* YOUR TASK
Show all lines below holding the string "ball".

------------

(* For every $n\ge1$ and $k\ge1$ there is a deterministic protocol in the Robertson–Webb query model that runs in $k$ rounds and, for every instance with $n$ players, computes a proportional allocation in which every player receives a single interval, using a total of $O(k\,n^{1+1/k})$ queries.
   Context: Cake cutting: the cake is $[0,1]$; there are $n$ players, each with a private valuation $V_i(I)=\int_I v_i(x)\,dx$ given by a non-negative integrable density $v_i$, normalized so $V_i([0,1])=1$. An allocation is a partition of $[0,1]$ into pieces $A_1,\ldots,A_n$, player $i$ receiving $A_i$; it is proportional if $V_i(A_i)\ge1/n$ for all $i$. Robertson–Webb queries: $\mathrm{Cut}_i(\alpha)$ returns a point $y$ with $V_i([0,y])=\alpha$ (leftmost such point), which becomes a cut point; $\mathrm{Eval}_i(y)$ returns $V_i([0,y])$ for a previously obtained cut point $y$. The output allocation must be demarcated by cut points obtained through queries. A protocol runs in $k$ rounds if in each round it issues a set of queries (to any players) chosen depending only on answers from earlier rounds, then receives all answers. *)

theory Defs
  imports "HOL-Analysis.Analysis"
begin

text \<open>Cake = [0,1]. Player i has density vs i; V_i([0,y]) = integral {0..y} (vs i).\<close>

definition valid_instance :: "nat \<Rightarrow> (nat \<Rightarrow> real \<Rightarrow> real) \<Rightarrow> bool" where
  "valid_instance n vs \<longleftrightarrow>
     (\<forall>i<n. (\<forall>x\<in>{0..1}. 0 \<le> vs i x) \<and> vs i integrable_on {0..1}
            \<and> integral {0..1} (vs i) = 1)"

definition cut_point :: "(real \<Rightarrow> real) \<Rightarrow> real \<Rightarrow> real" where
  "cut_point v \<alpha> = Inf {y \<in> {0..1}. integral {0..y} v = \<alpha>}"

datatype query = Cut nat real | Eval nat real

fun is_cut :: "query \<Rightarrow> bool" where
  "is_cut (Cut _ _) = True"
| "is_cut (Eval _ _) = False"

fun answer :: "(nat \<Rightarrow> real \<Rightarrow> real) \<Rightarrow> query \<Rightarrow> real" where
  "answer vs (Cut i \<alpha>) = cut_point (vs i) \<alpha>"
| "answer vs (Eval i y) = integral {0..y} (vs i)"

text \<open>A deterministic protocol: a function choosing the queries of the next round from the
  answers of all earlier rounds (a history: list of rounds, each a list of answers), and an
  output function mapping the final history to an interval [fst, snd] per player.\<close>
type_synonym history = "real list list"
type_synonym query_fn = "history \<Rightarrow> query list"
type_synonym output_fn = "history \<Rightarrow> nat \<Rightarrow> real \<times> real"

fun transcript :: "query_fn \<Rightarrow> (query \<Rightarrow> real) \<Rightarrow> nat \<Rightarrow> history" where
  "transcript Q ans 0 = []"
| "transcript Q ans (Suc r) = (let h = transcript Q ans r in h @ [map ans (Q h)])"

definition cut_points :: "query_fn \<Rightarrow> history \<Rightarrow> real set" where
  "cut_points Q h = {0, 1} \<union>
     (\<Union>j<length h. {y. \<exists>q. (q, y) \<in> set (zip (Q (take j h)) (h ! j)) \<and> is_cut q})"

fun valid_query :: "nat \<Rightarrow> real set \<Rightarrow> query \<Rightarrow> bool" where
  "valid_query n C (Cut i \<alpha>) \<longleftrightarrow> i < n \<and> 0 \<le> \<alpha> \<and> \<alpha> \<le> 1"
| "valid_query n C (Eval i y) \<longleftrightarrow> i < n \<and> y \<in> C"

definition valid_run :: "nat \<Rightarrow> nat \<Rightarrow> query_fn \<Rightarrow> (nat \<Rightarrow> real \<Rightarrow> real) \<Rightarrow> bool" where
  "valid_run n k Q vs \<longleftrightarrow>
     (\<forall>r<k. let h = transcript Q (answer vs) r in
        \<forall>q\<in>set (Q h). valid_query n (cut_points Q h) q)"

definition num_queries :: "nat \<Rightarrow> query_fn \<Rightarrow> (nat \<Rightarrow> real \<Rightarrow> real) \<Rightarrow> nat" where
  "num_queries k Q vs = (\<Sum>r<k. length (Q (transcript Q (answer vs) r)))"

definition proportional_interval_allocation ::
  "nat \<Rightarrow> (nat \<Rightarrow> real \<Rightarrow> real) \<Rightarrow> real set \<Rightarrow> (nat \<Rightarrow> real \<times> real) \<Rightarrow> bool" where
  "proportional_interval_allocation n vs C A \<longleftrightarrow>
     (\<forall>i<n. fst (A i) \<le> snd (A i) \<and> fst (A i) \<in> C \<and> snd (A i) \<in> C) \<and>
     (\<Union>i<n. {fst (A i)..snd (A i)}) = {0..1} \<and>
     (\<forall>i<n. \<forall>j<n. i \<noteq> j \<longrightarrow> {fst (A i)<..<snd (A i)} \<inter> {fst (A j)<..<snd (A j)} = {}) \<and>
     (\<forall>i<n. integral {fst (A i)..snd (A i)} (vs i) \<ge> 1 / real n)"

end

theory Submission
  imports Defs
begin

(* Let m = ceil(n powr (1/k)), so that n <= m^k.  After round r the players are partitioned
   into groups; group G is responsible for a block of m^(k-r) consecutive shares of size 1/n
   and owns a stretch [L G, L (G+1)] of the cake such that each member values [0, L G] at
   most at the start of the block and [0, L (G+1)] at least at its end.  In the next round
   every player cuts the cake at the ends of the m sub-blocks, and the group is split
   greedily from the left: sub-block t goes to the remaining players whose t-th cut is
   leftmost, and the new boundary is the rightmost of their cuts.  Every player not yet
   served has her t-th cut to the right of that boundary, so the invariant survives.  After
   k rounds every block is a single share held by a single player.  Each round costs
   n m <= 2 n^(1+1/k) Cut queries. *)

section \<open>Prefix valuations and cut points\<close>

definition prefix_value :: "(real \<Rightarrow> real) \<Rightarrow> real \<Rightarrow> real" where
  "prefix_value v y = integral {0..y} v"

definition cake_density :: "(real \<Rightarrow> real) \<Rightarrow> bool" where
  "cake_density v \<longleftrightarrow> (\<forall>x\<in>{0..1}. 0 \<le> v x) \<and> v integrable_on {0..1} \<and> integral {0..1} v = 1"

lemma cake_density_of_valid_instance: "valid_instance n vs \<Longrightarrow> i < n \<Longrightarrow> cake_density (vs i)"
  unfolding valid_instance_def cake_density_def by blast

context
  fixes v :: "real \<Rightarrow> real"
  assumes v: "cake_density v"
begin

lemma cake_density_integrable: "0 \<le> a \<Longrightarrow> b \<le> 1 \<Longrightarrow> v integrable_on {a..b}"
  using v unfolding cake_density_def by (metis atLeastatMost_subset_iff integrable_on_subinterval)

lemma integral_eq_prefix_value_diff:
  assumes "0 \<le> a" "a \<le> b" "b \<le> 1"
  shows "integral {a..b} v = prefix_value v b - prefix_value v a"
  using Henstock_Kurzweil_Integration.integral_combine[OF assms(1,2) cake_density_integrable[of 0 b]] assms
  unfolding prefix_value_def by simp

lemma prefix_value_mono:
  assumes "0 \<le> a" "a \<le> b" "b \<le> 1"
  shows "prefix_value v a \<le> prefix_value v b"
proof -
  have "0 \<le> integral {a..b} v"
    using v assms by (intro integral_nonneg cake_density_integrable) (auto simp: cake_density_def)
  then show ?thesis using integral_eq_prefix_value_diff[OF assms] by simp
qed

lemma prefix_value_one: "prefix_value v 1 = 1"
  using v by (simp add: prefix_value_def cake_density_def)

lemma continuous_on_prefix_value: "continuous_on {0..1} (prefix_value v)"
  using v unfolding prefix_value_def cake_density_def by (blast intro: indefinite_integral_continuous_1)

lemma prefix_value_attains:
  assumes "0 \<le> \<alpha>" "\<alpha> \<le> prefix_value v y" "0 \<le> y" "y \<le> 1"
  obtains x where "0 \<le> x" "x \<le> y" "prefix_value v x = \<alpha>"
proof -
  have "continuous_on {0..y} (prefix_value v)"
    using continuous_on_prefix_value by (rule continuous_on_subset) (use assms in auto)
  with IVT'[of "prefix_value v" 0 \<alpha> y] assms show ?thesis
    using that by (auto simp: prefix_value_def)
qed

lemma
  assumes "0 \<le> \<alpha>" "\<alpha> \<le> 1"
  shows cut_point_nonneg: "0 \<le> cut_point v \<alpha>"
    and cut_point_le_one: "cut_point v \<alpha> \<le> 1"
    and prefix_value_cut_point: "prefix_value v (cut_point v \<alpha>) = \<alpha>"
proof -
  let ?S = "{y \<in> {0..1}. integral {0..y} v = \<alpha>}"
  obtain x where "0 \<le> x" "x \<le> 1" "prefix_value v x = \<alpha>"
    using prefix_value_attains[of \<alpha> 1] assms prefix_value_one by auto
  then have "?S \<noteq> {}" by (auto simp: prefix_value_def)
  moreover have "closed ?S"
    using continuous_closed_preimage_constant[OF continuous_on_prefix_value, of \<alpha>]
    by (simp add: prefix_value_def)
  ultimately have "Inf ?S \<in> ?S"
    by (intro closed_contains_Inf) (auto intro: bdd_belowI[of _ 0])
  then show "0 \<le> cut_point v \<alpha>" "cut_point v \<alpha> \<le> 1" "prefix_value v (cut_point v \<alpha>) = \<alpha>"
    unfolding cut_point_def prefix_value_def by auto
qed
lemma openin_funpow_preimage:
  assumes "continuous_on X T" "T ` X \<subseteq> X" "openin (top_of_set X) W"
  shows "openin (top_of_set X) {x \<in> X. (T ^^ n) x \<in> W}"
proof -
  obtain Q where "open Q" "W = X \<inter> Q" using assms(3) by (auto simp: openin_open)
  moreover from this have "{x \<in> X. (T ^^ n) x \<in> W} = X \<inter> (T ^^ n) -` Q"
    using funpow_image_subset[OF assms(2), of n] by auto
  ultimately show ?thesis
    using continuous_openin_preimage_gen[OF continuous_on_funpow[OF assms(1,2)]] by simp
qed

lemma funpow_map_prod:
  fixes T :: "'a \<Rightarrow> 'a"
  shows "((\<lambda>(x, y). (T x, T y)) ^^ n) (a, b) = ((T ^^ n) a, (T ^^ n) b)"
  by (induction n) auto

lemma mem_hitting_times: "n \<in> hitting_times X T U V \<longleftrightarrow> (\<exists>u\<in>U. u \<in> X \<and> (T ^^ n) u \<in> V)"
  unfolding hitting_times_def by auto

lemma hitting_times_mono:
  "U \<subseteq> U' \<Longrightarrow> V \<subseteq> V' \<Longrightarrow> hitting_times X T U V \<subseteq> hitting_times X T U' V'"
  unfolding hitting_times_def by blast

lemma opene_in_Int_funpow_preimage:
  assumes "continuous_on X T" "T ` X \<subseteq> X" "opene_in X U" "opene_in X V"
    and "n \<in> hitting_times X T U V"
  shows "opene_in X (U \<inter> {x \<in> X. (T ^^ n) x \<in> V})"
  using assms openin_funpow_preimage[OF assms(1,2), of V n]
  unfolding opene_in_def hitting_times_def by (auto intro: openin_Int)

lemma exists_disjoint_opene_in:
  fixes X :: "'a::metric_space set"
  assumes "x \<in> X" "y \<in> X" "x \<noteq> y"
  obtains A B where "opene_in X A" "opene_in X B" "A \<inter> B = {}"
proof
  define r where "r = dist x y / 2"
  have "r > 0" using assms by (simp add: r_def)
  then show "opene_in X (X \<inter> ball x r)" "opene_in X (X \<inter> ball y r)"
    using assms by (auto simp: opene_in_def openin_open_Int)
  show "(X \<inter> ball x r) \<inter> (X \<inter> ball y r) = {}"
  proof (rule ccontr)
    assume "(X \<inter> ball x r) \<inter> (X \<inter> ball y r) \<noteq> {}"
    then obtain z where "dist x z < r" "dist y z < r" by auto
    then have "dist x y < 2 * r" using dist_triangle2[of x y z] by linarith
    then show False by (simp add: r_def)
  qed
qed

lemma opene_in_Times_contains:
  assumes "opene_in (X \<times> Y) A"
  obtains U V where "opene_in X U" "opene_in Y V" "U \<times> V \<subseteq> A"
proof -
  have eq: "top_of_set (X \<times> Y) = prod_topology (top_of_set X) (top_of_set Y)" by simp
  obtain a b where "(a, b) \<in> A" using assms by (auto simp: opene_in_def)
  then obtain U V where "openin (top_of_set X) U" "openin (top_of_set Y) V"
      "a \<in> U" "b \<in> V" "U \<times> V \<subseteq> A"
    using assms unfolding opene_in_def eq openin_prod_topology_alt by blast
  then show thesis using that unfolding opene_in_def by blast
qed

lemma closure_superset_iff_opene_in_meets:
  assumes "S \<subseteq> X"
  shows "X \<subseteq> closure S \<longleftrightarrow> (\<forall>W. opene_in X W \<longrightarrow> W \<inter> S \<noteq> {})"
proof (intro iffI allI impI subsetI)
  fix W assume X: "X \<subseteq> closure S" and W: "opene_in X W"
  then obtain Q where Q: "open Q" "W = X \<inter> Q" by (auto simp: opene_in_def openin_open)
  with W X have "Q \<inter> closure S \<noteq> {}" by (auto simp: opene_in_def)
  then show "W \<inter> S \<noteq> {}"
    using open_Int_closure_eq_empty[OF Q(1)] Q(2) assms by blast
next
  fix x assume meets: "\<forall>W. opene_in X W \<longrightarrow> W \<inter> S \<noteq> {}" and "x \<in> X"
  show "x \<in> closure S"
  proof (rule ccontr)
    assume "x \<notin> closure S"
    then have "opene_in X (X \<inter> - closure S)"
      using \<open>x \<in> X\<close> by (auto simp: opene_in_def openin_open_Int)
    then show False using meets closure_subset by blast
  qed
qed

------------

* ANSWER FOR THE TASK
  then show "opene_in X (X \<inter> ball x r)" "opene_in X (X \<inter> ball y r)"
  show "(X \<inter> ball x r) \<inter> (X \<inter> ball y r) = {}"
    assume "(X \<inter> ball x r) \<inter> (X \<inter> ball y r) \<noteq> {}"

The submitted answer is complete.